At the end of the war, MI5 considered prosecuting or unmasking the Fifth Column members, but opted instead to keep them running as informants. While they certainly intended to help Germany, in fact they never were in contact with any genuine German agent, and thus their acts might not have counted legally as espionage. At a ceremony in January 1946, Roberts presented Perigoe and Kohout with Nazi medals – the Kriegsverdienstkreuz 2. Klasse – and thanked them for their work. The files do not reveal when the operation was run down, but it seems to have tailed off by 1947. The members of the Fifth Column went to their deaths unaware of the truth of the operation. After Kohout died in 1979, his son Ernest found the medal among his things.

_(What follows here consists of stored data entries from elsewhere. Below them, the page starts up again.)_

lemma tail_integral_eq:
  assumes [measurable]: "u \<in> borel_measurable borel" and "0 \<le> a"
  shows "tail_integral a u = (\<integral>\<^sup>+t. indicator {0<..} t * ennreal (\<bar>u t\<bar> - a) \<partial>lborel)"
proof -
  have level_sets: "emeasure lborel {t\<in>space lborel. ennreal l < indicator {0<..} t * ennreal (\<bar>u t\<bar> - a)}
      = distf u (a + l)" if "0 < l" for l
  proof -
    have "{t\<in>space lborel. ennreal l < indicator {0<..} t * ennreal (\<bar>u t\<bar> - a)} = {t\<in>{0<..}. a + l < \<bar>u t\<bar>}"
      using that by (auto simp: ennreal_less_iff split: split_indicator)
    then show ?thesis by (simp add: distf_def)
  qed
  have "(\<integral>\<^sup>+t. indicator {0<..} t * ennreal (\<bar>u t\<bar> - a) \<partial>lborel)
      = (\<integral>\<^sup>+l. indicator {0<..} l * distf u (a + l) \<partial>lborel)"
  proof (subst nn_integral_layer_cake[OF lborel.sigma_finite_measure_axioms], measurable, rule nn_integral_cong)
    fix l :: real
    show "indicator {0<..} l * emeasure lborel {t\<in>space lborel. ennreal l < indicator {0<..} t * ennreal (\<bar>u t\<bar> - a)}
      = indicator {0<..} l * distf u (a + l)"
      by (cases "0 < l") (simp_all only: level_sets, simp)
  qed
  also have "\<dots> = (\<integral>\<^sup>+l. indicator {a<..} (a + 1 * l) * distf u (a + 1 * l) \<partial>lborel)"
    by (intro nn_integral_cong) (auto split: split_indicator)
  also have "\<dots> = tail_integral a u"
    unfolding tail_integral_def
    using nn_integral_real_affine[where c=1 and t=a and f="\<lambda>l. indicator {a<..} l * distf u l"] by simp
  finally show ?thesis ..
qed

lemma choquet_min_split:
  assumes [measurable]: "u \<in> borel_measurable borel" and "0 \<le> a" and "0 \<le> s"
  shows "(\<integral>\<^sup>+l. ennreal s * indicator {0<..a} l + indicator {a<..} l * distf u l \<partial>lborel)
    = ennreal (a * s) + tail_integral a u"
  using assms unfolding tail_integral_def
  by (subst nn_integral_add) (auto simp: nn_integral_cmult ennreal_mult'[symmetric] mult.commute)

lemma choquet_min_le:
  assumes [measurable]: "u \<in> borel_measurable borel" and "0 \<le> a" and "0 \<le> s"
  shows "choquet_min s u \<le> ennreal (a * s) + tail_integral a u"
proof -
  have "choquet_min s u \<le> (\<integral>\<^sup>+l. ennreal s * indicator {0<..a} l + indicator {a<..} l * distf u l \<partial>lborel)"
    unfolding choquet_min_def by (intro nn_integral_mono) (auto split: split_indicator)
  then show ?thesis using choquet_min_split[OF assms] by simp
qed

==Revealing of operation==
The operation came to light in files released by MI5 to the National Archives in February 2014. At the time, although the agent "Jack King" was not identified, the Daily Telegraph newspaper named him as John Bingham. A subsequent set of files released by MI5 in October 2014 revealed that he was Eric Roberts, a previously unknown MI5 officer. The operation is the subject of the 2018 book Agent Jack by the journalist Robert Hutton.

==The operation in fiction==
In 2018, two novels were published that cited Roberts and the Fifth Column operation as part of their inspiration: Kate Atkinson's Transcription, and Anthony Quinn's Our Friends in Berlin.